(Dataset entries)

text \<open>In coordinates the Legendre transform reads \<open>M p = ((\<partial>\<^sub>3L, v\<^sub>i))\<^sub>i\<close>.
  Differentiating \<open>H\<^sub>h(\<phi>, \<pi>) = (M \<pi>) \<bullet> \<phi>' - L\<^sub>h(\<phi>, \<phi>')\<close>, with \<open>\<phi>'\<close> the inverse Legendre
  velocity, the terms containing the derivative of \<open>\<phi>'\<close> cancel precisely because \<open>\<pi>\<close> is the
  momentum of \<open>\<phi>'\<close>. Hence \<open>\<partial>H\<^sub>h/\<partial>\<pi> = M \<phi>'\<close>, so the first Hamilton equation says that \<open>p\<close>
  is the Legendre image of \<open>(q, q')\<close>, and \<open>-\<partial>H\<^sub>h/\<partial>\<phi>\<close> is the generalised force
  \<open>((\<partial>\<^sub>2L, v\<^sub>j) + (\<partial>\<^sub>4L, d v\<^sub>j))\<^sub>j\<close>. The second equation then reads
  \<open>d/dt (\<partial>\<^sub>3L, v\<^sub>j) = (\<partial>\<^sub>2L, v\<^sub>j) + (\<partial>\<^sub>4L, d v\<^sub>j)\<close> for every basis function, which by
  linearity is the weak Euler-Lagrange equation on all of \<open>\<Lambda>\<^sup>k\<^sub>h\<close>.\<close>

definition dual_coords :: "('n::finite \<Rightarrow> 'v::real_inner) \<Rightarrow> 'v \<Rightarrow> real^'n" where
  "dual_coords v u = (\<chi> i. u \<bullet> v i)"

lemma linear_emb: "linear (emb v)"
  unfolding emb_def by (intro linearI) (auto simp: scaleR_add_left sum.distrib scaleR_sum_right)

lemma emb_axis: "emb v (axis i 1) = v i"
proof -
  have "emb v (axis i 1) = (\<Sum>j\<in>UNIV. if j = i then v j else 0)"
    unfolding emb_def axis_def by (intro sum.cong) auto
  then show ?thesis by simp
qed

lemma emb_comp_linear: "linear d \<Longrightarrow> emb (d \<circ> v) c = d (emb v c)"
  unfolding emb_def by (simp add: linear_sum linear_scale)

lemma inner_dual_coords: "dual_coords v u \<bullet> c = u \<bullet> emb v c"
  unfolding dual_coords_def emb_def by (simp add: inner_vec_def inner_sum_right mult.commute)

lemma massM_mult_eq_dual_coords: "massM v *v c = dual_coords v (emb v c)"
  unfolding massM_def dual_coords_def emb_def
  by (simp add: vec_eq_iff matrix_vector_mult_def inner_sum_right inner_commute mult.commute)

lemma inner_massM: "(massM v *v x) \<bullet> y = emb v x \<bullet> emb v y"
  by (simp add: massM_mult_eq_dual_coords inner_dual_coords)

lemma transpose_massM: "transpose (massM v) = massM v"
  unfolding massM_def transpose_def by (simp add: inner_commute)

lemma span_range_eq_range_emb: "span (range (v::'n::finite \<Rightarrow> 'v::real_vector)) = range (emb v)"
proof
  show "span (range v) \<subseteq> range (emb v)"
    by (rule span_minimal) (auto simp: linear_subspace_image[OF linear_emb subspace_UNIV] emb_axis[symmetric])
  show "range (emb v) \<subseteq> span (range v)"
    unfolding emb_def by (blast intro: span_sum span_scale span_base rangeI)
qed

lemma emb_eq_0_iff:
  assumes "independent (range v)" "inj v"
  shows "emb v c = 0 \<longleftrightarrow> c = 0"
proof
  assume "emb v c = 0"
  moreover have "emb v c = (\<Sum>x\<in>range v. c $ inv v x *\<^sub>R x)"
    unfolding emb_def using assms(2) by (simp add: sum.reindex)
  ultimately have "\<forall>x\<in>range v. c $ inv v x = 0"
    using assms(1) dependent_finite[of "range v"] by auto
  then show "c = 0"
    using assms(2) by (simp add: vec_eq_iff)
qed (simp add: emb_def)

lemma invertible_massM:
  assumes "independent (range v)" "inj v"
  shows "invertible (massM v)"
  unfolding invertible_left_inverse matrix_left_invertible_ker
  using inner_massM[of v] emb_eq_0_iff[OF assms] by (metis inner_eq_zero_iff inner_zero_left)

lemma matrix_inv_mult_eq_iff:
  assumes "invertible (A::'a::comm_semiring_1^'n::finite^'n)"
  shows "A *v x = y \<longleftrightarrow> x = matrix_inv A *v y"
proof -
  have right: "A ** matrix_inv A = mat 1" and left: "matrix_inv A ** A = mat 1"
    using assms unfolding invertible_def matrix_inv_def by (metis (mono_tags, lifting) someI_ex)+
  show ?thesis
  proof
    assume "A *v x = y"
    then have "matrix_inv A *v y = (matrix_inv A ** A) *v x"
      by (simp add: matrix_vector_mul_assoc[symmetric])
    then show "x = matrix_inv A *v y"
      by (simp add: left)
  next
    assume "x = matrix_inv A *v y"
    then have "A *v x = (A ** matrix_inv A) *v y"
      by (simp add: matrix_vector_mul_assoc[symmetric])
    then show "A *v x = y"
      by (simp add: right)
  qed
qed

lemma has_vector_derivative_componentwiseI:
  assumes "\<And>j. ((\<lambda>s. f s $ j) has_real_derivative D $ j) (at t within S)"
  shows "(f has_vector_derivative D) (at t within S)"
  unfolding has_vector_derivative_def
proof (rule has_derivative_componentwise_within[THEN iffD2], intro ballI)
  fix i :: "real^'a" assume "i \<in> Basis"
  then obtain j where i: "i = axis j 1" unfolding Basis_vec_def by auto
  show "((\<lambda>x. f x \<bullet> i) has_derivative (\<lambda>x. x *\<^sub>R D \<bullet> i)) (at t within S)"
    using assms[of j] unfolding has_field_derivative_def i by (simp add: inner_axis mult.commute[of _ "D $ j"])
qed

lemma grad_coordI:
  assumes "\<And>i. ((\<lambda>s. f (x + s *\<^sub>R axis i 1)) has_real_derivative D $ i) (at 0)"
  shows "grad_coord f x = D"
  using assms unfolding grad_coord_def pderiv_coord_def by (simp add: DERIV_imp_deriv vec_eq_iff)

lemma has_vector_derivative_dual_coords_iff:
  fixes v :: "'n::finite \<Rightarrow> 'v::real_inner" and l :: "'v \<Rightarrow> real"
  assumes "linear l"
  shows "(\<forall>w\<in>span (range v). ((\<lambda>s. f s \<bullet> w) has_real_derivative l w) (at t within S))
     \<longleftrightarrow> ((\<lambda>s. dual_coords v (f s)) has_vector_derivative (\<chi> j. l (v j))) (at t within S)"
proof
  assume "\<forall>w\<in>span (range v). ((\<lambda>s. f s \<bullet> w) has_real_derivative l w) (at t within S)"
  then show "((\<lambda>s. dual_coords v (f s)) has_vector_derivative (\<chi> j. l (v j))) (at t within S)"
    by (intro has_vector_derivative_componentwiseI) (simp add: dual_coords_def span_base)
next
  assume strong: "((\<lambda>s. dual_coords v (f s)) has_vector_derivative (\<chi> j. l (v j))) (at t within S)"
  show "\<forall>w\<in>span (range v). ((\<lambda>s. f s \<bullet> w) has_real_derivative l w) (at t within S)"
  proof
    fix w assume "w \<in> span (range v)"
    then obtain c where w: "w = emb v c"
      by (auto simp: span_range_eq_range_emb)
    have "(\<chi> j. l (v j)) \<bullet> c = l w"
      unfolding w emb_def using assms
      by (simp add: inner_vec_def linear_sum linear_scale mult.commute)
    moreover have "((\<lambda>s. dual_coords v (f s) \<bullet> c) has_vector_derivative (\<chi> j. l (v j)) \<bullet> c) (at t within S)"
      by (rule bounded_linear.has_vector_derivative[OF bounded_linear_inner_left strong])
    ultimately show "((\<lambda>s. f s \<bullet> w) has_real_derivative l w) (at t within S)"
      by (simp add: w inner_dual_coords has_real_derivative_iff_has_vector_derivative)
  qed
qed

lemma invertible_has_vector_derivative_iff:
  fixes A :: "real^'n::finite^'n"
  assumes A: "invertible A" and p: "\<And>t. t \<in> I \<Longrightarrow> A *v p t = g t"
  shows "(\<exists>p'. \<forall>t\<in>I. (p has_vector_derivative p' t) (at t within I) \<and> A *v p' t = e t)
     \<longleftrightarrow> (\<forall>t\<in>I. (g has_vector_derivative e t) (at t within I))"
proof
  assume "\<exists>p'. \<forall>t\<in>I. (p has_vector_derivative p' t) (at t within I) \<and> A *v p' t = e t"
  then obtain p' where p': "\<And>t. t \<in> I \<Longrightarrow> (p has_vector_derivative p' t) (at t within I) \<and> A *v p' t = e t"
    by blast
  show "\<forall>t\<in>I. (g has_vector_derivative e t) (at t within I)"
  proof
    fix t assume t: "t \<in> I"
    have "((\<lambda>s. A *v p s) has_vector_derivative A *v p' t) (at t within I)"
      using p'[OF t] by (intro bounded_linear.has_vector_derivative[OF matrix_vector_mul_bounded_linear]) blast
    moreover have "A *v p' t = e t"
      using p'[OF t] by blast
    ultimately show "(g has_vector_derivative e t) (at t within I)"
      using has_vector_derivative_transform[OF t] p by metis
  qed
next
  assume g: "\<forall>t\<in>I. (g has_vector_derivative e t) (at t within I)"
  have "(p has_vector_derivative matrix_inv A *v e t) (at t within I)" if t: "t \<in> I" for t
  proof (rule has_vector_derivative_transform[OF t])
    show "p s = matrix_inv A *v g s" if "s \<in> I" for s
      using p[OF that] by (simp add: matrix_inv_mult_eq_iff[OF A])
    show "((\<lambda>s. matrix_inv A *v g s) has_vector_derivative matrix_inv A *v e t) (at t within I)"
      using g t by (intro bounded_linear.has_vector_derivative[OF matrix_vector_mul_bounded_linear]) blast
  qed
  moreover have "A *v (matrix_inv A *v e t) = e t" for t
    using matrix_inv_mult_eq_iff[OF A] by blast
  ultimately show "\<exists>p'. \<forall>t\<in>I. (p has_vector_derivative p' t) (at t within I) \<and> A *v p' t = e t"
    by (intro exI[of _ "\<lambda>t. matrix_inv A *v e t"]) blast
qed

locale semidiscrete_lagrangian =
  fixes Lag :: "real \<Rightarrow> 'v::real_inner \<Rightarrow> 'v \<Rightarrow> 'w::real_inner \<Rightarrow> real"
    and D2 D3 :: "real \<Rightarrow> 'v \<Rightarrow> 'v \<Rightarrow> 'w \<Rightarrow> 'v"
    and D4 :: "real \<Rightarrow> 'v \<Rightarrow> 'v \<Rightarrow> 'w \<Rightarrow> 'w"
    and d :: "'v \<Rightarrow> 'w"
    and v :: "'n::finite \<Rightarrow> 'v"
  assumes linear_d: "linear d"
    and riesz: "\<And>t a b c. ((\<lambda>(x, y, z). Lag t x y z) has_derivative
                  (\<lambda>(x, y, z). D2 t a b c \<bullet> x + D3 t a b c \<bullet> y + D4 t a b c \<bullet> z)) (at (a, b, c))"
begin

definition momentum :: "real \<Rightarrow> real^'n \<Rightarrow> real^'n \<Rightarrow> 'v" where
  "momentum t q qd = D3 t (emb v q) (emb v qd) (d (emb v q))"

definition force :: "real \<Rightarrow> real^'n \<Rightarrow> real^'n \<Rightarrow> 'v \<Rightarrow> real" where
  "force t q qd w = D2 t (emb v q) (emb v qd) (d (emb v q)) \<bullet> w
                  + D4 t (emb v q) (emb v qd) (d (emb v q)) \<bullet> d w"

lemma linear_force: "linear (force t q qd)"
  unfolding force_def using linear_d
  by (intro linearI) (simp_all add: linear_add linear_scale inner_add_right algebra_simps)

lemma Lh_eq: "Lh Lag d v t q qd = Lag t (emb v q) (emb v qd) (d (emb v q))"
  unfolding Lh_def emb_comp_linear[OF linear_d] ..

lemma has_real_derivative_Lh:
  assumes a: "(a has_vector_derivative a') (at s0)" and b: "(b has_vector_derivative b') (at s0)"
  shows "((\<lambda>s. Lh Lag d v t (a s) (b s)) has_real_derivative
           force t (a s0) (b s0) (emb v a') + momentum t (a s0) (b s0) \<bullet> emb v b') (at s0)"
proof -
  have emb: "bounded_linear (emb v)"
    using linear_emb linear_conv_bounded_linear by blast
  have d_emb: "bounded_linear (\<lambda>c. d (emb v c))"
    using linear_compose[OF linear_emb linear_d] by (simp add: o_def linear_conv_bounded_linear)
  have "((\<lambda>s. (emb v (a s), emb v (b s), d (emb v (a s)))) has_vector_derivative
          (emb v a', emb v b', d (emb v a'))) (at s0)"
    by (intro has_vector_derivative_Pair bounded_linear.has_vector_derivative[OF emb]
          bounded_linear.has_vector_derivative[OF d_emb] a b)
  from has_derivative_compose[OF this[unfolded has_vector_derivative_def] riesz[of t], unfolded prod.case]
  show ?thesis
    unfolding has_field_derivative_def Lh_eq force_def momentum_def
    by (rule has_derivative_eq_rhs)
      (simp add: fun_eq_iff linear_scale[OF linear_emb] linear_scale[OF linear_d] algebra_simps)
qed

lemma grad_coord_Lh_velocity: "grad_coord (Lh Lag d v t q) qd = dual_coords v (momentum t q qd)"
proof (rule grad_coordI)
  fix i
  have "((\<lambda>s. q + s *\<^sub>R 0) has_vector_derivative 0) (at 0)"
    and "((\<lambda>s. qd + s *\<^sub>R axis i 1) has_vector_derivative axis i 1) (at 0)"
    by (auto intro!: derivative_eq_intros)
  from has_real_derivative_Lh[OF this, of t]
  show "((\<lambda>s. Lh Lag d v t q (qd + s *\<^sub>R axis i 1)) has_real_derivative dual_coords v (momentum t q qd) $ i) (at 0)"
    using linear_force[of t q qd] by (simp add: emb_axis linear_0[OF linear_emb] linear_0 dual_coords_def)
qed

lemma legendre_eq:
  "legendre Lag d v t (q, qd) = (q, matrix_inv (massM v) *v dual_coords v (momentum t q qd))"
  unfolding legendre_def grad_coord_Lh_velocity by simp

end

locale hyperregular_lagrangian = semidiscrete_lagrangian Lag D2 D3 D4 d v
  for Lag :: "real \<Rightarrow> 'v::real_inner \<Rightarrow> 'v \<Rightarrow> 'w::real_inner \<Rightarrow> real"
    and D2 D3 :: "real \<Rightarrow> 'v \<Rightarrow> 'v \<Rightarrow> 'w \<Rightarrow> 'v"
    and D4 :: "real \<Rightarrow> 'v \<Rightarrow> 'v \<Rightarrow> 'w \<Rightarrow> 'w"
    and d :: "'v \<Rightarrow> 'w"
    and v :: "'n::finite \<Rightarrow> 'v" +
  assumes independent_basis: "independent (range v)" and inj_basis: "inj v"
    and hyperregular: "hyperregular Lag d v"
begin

▸ **Work order**:
Filter by the word "forall": copy every line of the data that holds it.

▸ **Response area**:
  ultimately have "\<forall>x\<in>range v. c $ inv v x = 0"
  shows "(\<forall>w\<in>span (range v). ((\<lambda>s. f s \<bullet> w) has_real_derivative l w) (at t within S))
  assume "\<forall>w\<in>span (range v). ((\<lambda>s. f s \<bullet> w) has_real_derivative l w) (at t within S)"
  show "\<forall>w\<in>span (range v). ((\<lambda>s. f s \<bullet> w) has_real_derivative l w) (at t within S)"
  shows "(\<exists>p'. \<forall>t\<in>I. (p has_vector_derivative p' t) (at t within I) \<and> A *v p' t = e t)
     \<longleftrightarrow> (\<forall>t\<in>I. (g has_vector_derivative e t) (at t within I))"
  assume "\<exists>p'. \<forall>t\<in>I. (p has_vector_derivative p' t) (at t within I) \<and> A *v p' t = e t"
  show "\<forall>t\<in>I. (g has_vector_derivative e t) (at t within I)"
  assume g: "\<forall>t\<in>I. (g has_vector_derivative e t) (at t within I)"
  ultimately show "\<exists>p'. \<forall>t\<in>I. (p has_vector_derivative p' t) (at t within I) \<and> A *v p' t = e t"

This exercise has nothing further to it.